Test data are input into a generation network, and the obtained road area image is compared with the label image, so that the extraction effect is good.
FIG. 5 is a set of maps of the present invention against road region images without fused multi-scale features that generate the output of the network.
In fig. 5, a first column of images is an input original unmanned aerial vehicle remote sensing image, a second column of images is a corresponding artificially labeled tag image, a third column of data is a road area image output by a generation network that fuses multi-scale features, and a fourth column of data is a road area image output by a generation network that does not fuse multi-scale features.
Through comparison, the fact that under the conditions that the image background is relatively simple and the outline of the road target area is obvious, the road area information is well extracted through the network which is fused with the multi-scale feature structure and the network which is not fused with the multi-scale feature structure;
FIG. 6 is another set of maps of the present invention with road region images that generate network outputs without fusing multi-scale features.
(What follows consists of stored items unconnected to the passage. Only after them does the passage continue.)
lemma unitary_mat_of_corthogonal:
  fixes ws :: "complex vec list"
  assumes ws: "set ws \<subseteq> carrier_vec n" "corthogonal ws" "length ws = n"
  shows "\<exists>W c. unitary_mat n W \<and> (\<forall>j<n. col W j = c j \<cdot>\<^sub>v ws ! j)"
proof -
  define nsq where "nsq j = (\<Sum>i<n. (cmod (ws ! j $ i))\<^sup>2)" for j
  define nr where "nr j = sqrt (nsq j)" for j
  have wsj: "j < n \<Longrightarrow> ws ! j \<in> carrier_vec n" for j using ws by auto
  have self: "ws ! j \<bullet>c ws ! j = complex_of_real (nsq j)" if j: "j < n" for j
    using wsj[OF j] unfolding nsq_def of_real_sum
    by (auto simp: scalar_prod_def atLeast0LessThan cnj_mult_self intro!: sum.cong)
  have "nsq j \<noteq> 0" if j: "j < n" for j
    using corthogonalD[OF ws(2), of j j] ws(3) self[OF j] j by auto
  then have nr_pos: "nr j > 0" if "j < n" for j
    using that unfolding nr_def nsq_def by (auto simp: less_le sum_nonneg)
  have "nr j * nr j = nsq j" for j unfolding nr_def nsq_def by (simp add: sum_nonneg)
  then have nr_sq: "complex_of_real (nr j) * complex_of_real (nr j) = complex_of_real (nsq j)" for j
    by (metis of_real_mult)
  define W where "W = mat n n (\<lambda>(i, j). ws ! j $ i / complex_of_real (nr j))"
  have W: "W \<in> carrier_mat n n" unfolding W_def by auto
  have WW: "mat_adjoint W * W = 1\<^sub>m n"
  proof (rule eq_matI)
    fix i j assume "i < dim_row (1\<^sub>m n :: complex mat)" "j < dim_col (1\<^sub>m n :: complex mat)"
    then have i: "i < n" and j: "j < n" by auto
    have "(mat_adjoint W * W) $$ (i, j)
        = (ws ! j \<bullet>c ws ! i) / (complex_of_real (nr i) * complex_of_real (nr j))"
      using i j W wsj[OF i] wsj[OF j] unfolding W_def
      by (auto simp: scalar_prod_def atLeast0LessThan sum_divide_distrib intro!: sum.cong)
    then show "(mat_adjoint W * W) $$ (i, j) = 1\<^sub>m n $$ (i, j)"
      using i j self[of i] corthogonalD[OF ws(2), of j i] ws(3) nr_pos[of i] nr_sq[of i]
      by auto
  qed (use W in auto)
  then have "W * mat_adjoint W = 1\<^sub>m n"
    using mat_mult_left_right_inverse[OF _ W] W by auto
  moreover have "col W j = (1 / complex_of_real (nr j)) \<cdot>\<^sub>v ws ! j" if "j < n" for j
    using wsj[OF that] that unfolding W_def by (intro eq_vecI) auto
  ultimately show ?thesis using W WW unfolding unitary_mat_def
    by (intro exI[of _ W] exI[of _ "\<lambda>j. 1 / complex_of_real (nr j)"]) auto
qed
(* Let $\mathcal{V}$ be a finite set of Boolean variables, and let $\phi^{inv}_1=\mathbf{G}\,B_1(\mathcal{V}\cup\mathbf{X}\mathcal{V})$ and $\phi^{inv}_2=\mathbf{G}\,B_2(\mathcal{V}\cup\mathbf{X}\mathcal{V})$ be two invariants with non-empty languages such that $\phi^{inv}_1\rightarrow\phi^{inv}_2$ is valid, $\phi^{inv}_2\rightarrow\phi^{inv}_1$ is not valid, and $L(\phi^{inv}_2)$ is strongly connected. Then $\dim(L(\phi^{inv}_1))<\dim(L(\phi^{inv}_2))$.
   Context: Formulae are interpreted over $\omega$-words $w=w_1w_2\dots$ over $\Sigma=2^{\mathcal{V}}$; $L(\phi)$ is the set of $\omega$-words satisfying $\phi$; a formula is valid if every $\omega$-word satisfies it. $B(\mathcal{V}\cup\mathbf{X}\mathcal{V})$ denotes a pure Boolean expression over the atoms $p$ and $\mathbf{X}p$ for $p\in\mathcal{V}$; $w\models p$ iff $p\in w_1$, $w\models\mathbf{X}p$ iff $p\in w_2$, and $w\models\mathbf{G}\psi$ iff every suffix $w^j=w_jw_{j+1}\dots$ satisfies $\psi$. For $L\subseteq\Sigma^\omega$, $A(L)$ is the set of finite prefixes of words of $L$, and for $u\in A(L)$, $S_u(L)=\{v\in\Sigma^\omega: uv\in L\}$. $L$ is strongly connected if for every $u\in A(L)$ there is a finite word $v\in\Sigma^*$ with $S_{uv}(L)=L$. Let $r=|\Sigma|$. The $\alpha$-dimensional Hausdorff outer measure is $m_\alpha(L)=\lim_{n\to\infty}\inf_{V\in\mathcal{L}_n}\sum_{v\in V}r^{-\alpha|v|}$, where $\mathcal{L}_n$ is the collection of sets $V\subseteq\Sigma^*$ of words of length at least $n$ such that every word of $L$ has a prefix in $V$; the Hausdorff dimension $\dim(L)$ is the unique $\bar\alpha$ with $m_\alpha(L)=\infty$ for $\alpha<\bar\alpha$ and $m_\alpha(L)=0$ for $\alpha>\bar\alpha$. *)

theory Defs
  imports "HOL-Analysis.Analysis" "HOL-Library.Omega_Words_Fun"
begin

text \<open>The finite set of Boolean variables V is the finite type 'v (V = UNIV);
  the alphabet Sigma = 2^V is the type 'v set; omega-words are 'v set word
  (= nat => 'v set), finite words are 'v set list. Positions are 0-based.\<close>

text \<open>Pure Boolean expressions over atoms p and X p, p in V.\<close>
datatype 'v bexp =
    BTrue
  | BFalse
  | Atom 'v
  | NextAtom 'v
  | BNot "'v bexp"
  | BAnd "'v bexp" "'v bexp"
  | BOr "'v bexp" "'v bexp"

fun beval :: "'v bexp \<Rightarrow> 'v set word \<Rightarrow> bool" where
  "beval BTrue w = True"
| "beval BFalse w = False"
| "beval (Atom p) w = (p \<in> w 0)"
| "beval (NextAtom p) w = (p \<in> w 1)"
| "beval (BNot b) w = (\<not> beval b w)"
| "beval (BAnd b c) w = (beval b w \<and> beval c w)"
| "beval (BOr b c) w = (beval b w \<or> beval c w)"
In fig. 6, a first column of images is an input original unmanned aerial vehicle remote sensing image, a second column of images is a corresponding artificially labeled tag image, a third column of data is a road area image output by a generation network that fuses multi-scale features, and a fourth column of data is a road area image output by a generation network that does not fuse multi-scale features.
Through comparison, the road information extracted by the network with the multi-scale feature structure is more accurate than the road information extracted by the network without the multi-scale feature structure under the condition that the road area in the image is shaded and other objects similar to the road features exist.
Although illustrative embodiments of the present invention have been described above to facilitate the understanding of the present invention by those skilled in the art, it should be understood that the present invention is not limited to the scope of the embodiments, and various changes may be made apparent to those skilled in the art as long as they are within the spirit and scope of the present invention as defined and defined by the appended claims, and all matters of the invention which utilize the inventive concepts are protected.